Под кипой вещей я нахожу плоскую пластиковую бутылку палинки «Монастырь» и делаю изрядный глоток, но сперва выливаю пару капель в ладонь и прижимаю руку к земле. Жертва для Хинда, бога воинов. Теперь Побережье Парусов – моя единственная родина. Чувствую вкус слив, которые росли по ту сторону космоса, где-то под Риекой. Вкус адриатического солнца, которое здесь – едва видимая звездочка внутри скромного созвездия, именуемого Ладонь. Невообразимо далеко. Непредставимо. Человек не умеет мыслить астрономическими категориями. Меня предостерегали от этого. Это фатально для самочувствия. Можно сойти с ума.
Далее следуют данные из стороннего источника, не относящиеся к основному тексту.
(* For any continuous function $f:\mathrm{SO}(3)\to\mathbb{R}^3$, there exists a rotation $R\in\mathrm{SO}(3)$ such that $d(R,\mathbf{R}_{xyz}(f(R)))=\pi$.
   Context: Unit quaternions $w+x\mathbf{i}+y\mathbf{j}+z\mathbf{k}$ are identified with $(w,x,y,z)\in S^3$. $\mathbf{R}_Q:S^3\to\mathrm{SO}(3)$ is the standard conversion $$\mathbf{R}_Q(w,x,y,z)=\begin{bmatrix}1-2y^2-2z^2 & 2(xy-zw) & 2(xz+yw)\\ 2(xy+zw) & 1-2x^2-2z^2 & 2(yz-xw)\\ 2(xz-yw) & 2(yz+xw) & 1-2x^2-2y^2\end{bmatrix}.$$ Extrinsic $x$-$y$-$z$ Euler angles: $\mathbf{Q}_{xyz}(\alpha,\beta,\gamma)=(\cos\frac{\gamma}{2}+\mathbf{k}\sin\frac{\gamma}{2})(\cos\frac{\beta}{2}+\mathbf{j}\sin\frac{\beta}{2})(\cos\frac{\alpha}{2}+\mathbf{i}\sin\frac{\alpha}{2})$ (quaternion product) and $\mathbf{R}_{xyz}(\alpha,\beta,\gamma)=\mathbf{R}_Q(\mathbf{Q}_{xyz}(\alpha,\beta,\gamma))$. For $R_1,R_2\in\mathrm{SO}(3)$, $d(R_1,R_2)=\cos^{-1}\frac{\mathrm{tr}(R_2R_1^{-1})-1}{2}$ is the angle of the rotation $R_2R_1^{-1}$. *)

theory Defs
  imports "HOL-Analysis.Analysis"
begin

text \<open>Quaternions w + x i + y j + z k represented as tuples (w,x,y,z).\<close>
type_synonym quat = "real \<times> real \<times> real \<times> real"

definition qmult :: "quat \<Rightarrow> quat \<Rightarrow> quat" where
  "qmult p q = (case p of (w1,x1,y1,z1) \<Rightarrow> case q of (w2,x2,y2,z2) \<Rightarrow>
     (w1*w2 - x1*x2 - y1*y2 - z1*z2,
      w1*x2 + x1*w2 + y1*z2 - z1*y2,
      w1*y2 - x1*z2 + y1*w2 + z1*x2,
      w1*z2 + x1*y2 - y1*x2 + z1*w2))"

definition SO3 :: "(real^3^3) set" where
  "SO3 = {R. orthogonal_matrix R \<and> det R = 1}"

definition R_Q :: "quat \<Rightarrow> real^3^3" where
  "R_Q q = (case q of (w,x,y,z) \<Rightarrow>
     vector [vector [1 - 2*y^2 - 2*z^2, 2*(x*y - z*w), 2*(x*z + y*w)],
             vector [2*(x*y + z*w), 1 - 2*x^2 - 2*z^2, 2*(y*z - x*w)],
             vector [2*(x*z - y*w), 2*(y*z + x*w), 1 - 2*x^2 - 2*y^2]])"

definition Q_xyz :: "real \<Rightarrow> real \<Rightarrow> real \<Rightarrow> quat" where
  "Q_xyz \<alpha> \<beta> \<gamma> =
     qmult (qmult (cos (\<gamma>/2), 0, 0, sin (\<gamma>/2)) (cos (\<beta>/2), 0, sin (\<beta>/2), 0))
           (cos (\<alpha>/2), sin (\<alpha>/2), 0, 0)"

definition R_xyz :: "real \<Rightarrow> real \<Rightarrow> real \<Rightarrow> real^3^3" where
  "R_xyz \<alpha> \<beta> \<gamma> = R_Q (Q_xyz \<alpha> \<beta> \<gamma>)"

definition rot_dist :: "real^3^3 \<Rightarrow> real^3^3 \<Rightarrow> real" where
  "rot_dist R1 R2 = arccos ((trace (R2 ** matrix_inv R1) - 1) / 2)"

end

theory Submission
  imports Defs
begin

text \<open>
  The rotations \<open>R_Q (cos t, sin t, 0, 0)\<close>, \<open>0 \<le> t \<le> \<pi>\<close>, form a closed loop in SO(3), whereas
  their quaternions run from \<open>q\<close> to \<open>-q\<close>. For a continuous unit quaternion field \<open>h\<close> on SO(3)
  the inner product of \<open>h\<close> with the loop quaternion therefore changes sign along the loop and
  vanishes somewhere. Since \<open>tr (R_Q p R_Q q\<^sup>T) = 4 \<langle>p, q\<rangle>\<^sup>2 - 1\<close> for unit quaternions, orthogonal
  unit quaternions give rotations at distance \<open>\<pi>\<close>. Composing \<open>f\<close> with the Euler-angle quaternion
  map \<open>Q_xyz\<close> yields such a field \<open>h\<close>.
\<close>

lemma matrix_inv_orthogonal_matrix:
  fixes Q :: "real^'n^'n"
  assumes "orthogonal_matrix Q"
  shows "matrix_inv Q = transpose Q"
proof -
  have "\<exists>Q'. Q ** Q' = mat 1 \<and> Q' ** Q = mat 1"
    using assms unfolding orthogonal_matrix_def by blast
  then have inv: "Q ** matrix_inv Q = mat 1"
    unfolding matrix_inv_def by (rule someI2_ex) blast
  have "matrix_inv Q = (transpose Q ** Q) ** matrix_inv Q"
    using assms unfolding orthogonal_matrix_def by simp
  also have "\<dots> = transpose Q"
    using inv by (simp flip: matrix_mul_assoc)
  finally show ?thesis .
qed

lemma IVT_opposite_values:
  fixes \<phi> :: "real \<Rightarrow> real"
  assumes "continuous_on {a..b} \<phi>" "a \<le> b" "\<phi> b = - \<phi> a"
  shows "\<exists>t\<in>{a..b}. \<phi> t = 0"
proof (cases "\<phi> a \<le> 0")
  case True
  then show ?thesis using IVT'[of \<phi> a 0 b] assms by auto
next
  case False
  then show ?thesis using IVT2'[of \<phi> b 0 a] assms by auto
qed

lemma norm_qmult: "norm (qmult p q) = norm p * norm q"
proof -
  obtain a b c d a' b' c' d' where pq: "p = (a, b, c, d)" "q = (a', b', c', d')"
    by (cases p, cases q) auto
  have "(norm (qmult p q))\<^sup>2 = (norm p * norm q)\<^sup>2"
    unfolding power_mult_distrib power2_norm_eq_inner pq
    by (simp add: qmult_def) algebra
  then show ?thesis
    by (simp add: power2_eq_iff_nonneg)
qed

lemma norm_Q_xyz: "norm (Q_xyz \<alpha> \<beta> \<gamma>) = 1"
  by (simp add: Q_xyz_def norm_qmult norm_Pair)

lemma continuous_on_qmult [continuous_intros]:
  assumes "continuous_on S p" "continuous_on S q"
  shows "continuous_on S (\<lambda>x. qmult (p x) (q x))"
  unfolding qmult_def case_prod_beta by (intro continuous_intros assms)

lemma continuous_on_Q_xyz [continuous_intros]:
  fixes \<alpha> \<beta> \<gamma> :: "'a::t2_space \<Rightarrow> real"
  assumes "continuous_on S \<alpha>" "continuous_on S \<beta>" "continuous_on S \<gamma>"
  shows "continuous_on S (\<lambda>x. Q_xyz (\<alpha> x) (\<beta> x) (\<gamma> x))"
  unfolding Q_xyz_def by (auto intro!: continuous_intros assms)

lemma continuous_on_R_Q: "continuous_on S R_Q"
proof -
  have "\<forall>i j. continuous_on S (\<lambda>q. R_Q q $ i $ j)"
    unfolding forall_3 R_Q_def case_prod_beta by (simp add: continuous_intros)
  then have "continuous_on S (\<lambda>q. \<chi> i j. R_Q q $ i $ j)"
    by (intro continuous_on_vec_lambda) blast
  then show ?thesis
    by simp
qed

lemma R_Q_minus: "R_Q (- q) = R_Q q"
  by (cases q) (simp add: R_Q_def algebra_simps)

lemma R_Q_in_SO3:
  assumes "norm q = 1"
  shows "R_Q q \<in> SO3"
proof -
  obtain w x y z where q: "q = (w, x, y, z)"
    by (cases q) auto
  with assms have "w\<^sup>2 + x\<^sup>2 + y\<^sup>2 + z\<^sup>2 = 1"
    by (simp add: norm_eq_1 power2_eq_square add.assoc)
  then show ?thesis
    unfolding q SO3_def orthogonal_matrix R_Q_def
    by (simp add: vec_eq_iff forall_3 det_3 matrix_matrix_mult_def transpose_def sum_3 mat_def)
      algebra
qed

lemma trace_R_Q_mult_transpose:
  assumes "norm p = 1" "norm q = 1"
  shows "trace (R_Q p ** transpose (R_Q q)) = 4 * (p \<bullet> q)\<^sup>2 - 1"
proof -
  obtain w x y z w' x' y' z' where pq: "p = (w, x, y, z)" "q = (w', x', y', z')"
    by (cases p, cases q) auto
  with assms have "w\<^sup>2 + x\<^sup>2 + y\<^sup>2 + z\<^sup>2 = 1" "w'\<^sup>2 + x'\<^sup>2 + y'\<^sup>2 + z'\<^sup>2 = 1"
    by (simp_all add: norm_eq_1 power2_eq_square add.assoc)
  then show ?thesis
    unfolding pq R_Q_def trace_def
    by (simp add: matrix_matrix_mult_def transpose_def sum_3) algebra
qed

lemma rot_dist_R_Q:
  assumes "norm p = 1" "norm q = 1"
  shows "rot_dist (R_Q q) (R_Q p) = arccos (2 * (p \<bullet> q)\<^sup>2 - 1)"
proof -
  have "matrix_inv (R_Q q) = transpose (R_Q q)"
    using R_Q_in_SO3[OF assms(2)] by (simp add: SO3_def matrix_inv_orthogonal_matrix)
  then show ?thesis
    unfolding rot_dist_def by (simp add: trace_R_Q_mult_transpose[OF assms] diff_divide_distrib)
qed

lemma rot_dist_R_Q_orthogonal:
  assumes "norm p = 1" "norm q = 1" "p \<bullet> q = 0"
  shows "rot_dist (R_Q q) (R_Q p) = pi"
  using assms by (simp add: rot_dist_R_Q)

lemma exists_rot_dist_R_Q_pi:
  fixes h :: "real^3^3 \<Rightarrow> quat"
  assumes "continuous_on SO3 h" and "\<And>R. R \<in> SO3 \<Longrightarrow> norm (h R) = 1"
  shows "\<exists>R\<in>SO3. rot_dist R (R_Q (h R)) = pi"
proof -
  define q :: "real \<Rightarrow> quat" where "q t = (cos t, sin t, 0, 0)" for t
  have q_unit: "norm (q t) = 1" for t
    by (simp add: q_def norm_Pair)
  then have loop_SO3: "R_Q (q t) \<in> SO3" for t
    by (rule R_Q_in_SO3)
  have q_antipodal: "q pi = - q 0"
    by (simp add: q_def)
  have q_cont: "continuous_on UNIV q"
    unfolding q_def by (intro continuous_intros)
  have h_loop_cont: "continuous_on UNIV (\<lambda>t. h (R_Q (q t)))"
    using continuous_on_compose2[OF continuous_on_R_Q q_cont subset_UNIV]
    by (rule continuous_on_compose2[OF assms(1)]) (auto simp: loop_SO3)
  define \<phi> where "\<phi> t = h (R_Q (q t)) \<bullet> q t" for t
  have "continuous_on UNIV \<phi>"
    unfolding \<phi>_def by (intro continuous_intros q_cont h_loop_cont)
  then have "continuous_on {0..pi} \<phi>"
    by (rule continuous_on_subset) simp
  moreover have "\<phi> pi = - \<phi> 0"
    using q_antipodal by (simp add: \<phi>_def R_Q_minus)
  ultimately obtain t where "\<phi> t = 0"
    using IVT_opposite_values[of 0 pi \<phi>] by auto
  then have "rot_dist (R_Q (q t)) (R_Q (h (R_Q (q t)))) = pi"
    unfolding \<phi>_def by (intro rot_dist_R_Q_orthogonal assms(2) loop_SO3 q_unit)
  then show ?thesis
    using loop_SO3 by blast
qed

theorem corollary2:
  fixes f :: "real^3^3 \<Rightarrow> real^3"
  assumes "continuous_on SO3 f"
  shows "\<exists>R\<in>SO3. rot_dist R (R_xyz (f R $ 1) (f R $ 2) (f R $ 3)) = pi"
  unfolding R_xyz_def
  by (intro exists_rot_dist_R_Q_pi continuous_intros assms norm_Q_xyz)

end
Словно я – тот, кто собирается сделать то, что сделать надлежит, – являюсь нормальным.

Я раскладываю скромное свое имущество. Все предметы знаю наизусть, тысячи раз держал их в руках. Умею собрать и разобрать даже во сне.

Сперва я не понимал, для чего все это. Считал, что надо иметь нормальное оружие. Хотя бы пистолет. Конечно, я могу напоминать туземца, но зачем морочить голову куче людей, чтобы под руководством ксеноэтнологов шить мне сапоги из специальных модифицированных шкур с помощью клонированных сухожилий, если я могу надеть крепкие военные или туристические берцы за пятьдесят евро? Кому какое дело? Неужто я так войду в легенду как Человек С Волшебными Берцами и изменю культуру этого мира?

Почему мне нельзя забрать парашют? Я бы завернулся в тонкий полотняный платок, словно в пеленку. Несложно подпоясаться бечевкой, свисающий сзади прямоугольный кусок сложить так, чтобы образовалось два треугольника, и протянуть его между ногами, а потом завести конец под бечеву и вытащить наружу. Это просто.

И неудобно.

У меня груз, который обременил бы и крепкого коня, но нужно управиться. Меня научили обходиться без самого необходимого, но неизвестно, как долго придется здесь развлекаться. А каждый предмет увеличивает шансы на выживание.

Я буду считаться погибшим во время выполнения приказа, если меня не найдут через год на том же самом месте или если я не подам признаков жизни.

Электроника погибает тотчас же, но бионические системы как-то да действуют. Меня это не удивляет. В конце концов, люди и животные чувствуют себя здесь прекрасно.

Я вытягиваю контейнер с радиолярией. Мой талисман. Моя животинка.

Мой передатчик.

Металлический цилиндр, покрытый паутиной орнаментов. Я нажимаю несколько украшений в установленной последовательности – голову змеи, лист клена, колесо повозки, глаз жабы. Внутренний контейнер с шипением высовывается, радиолярия бессильно приподнимается в зеленоватом желе, словно большая медуза. Щупальца свободно свисают, шляпка антенн окружает ее колокол, по склизкому телу пробегают крохотные искорки люминесценции. Передатчик спит и ждет своего часа. Однажды мне придется вызывать помощь, отчитываться о завершении миссии – пересылать свой последний рапорт. Тогда радиолярия проснется. Отправит мое сообщение прямо на наблюдательный спутник. Вероятно, это будет стоить ей жизни.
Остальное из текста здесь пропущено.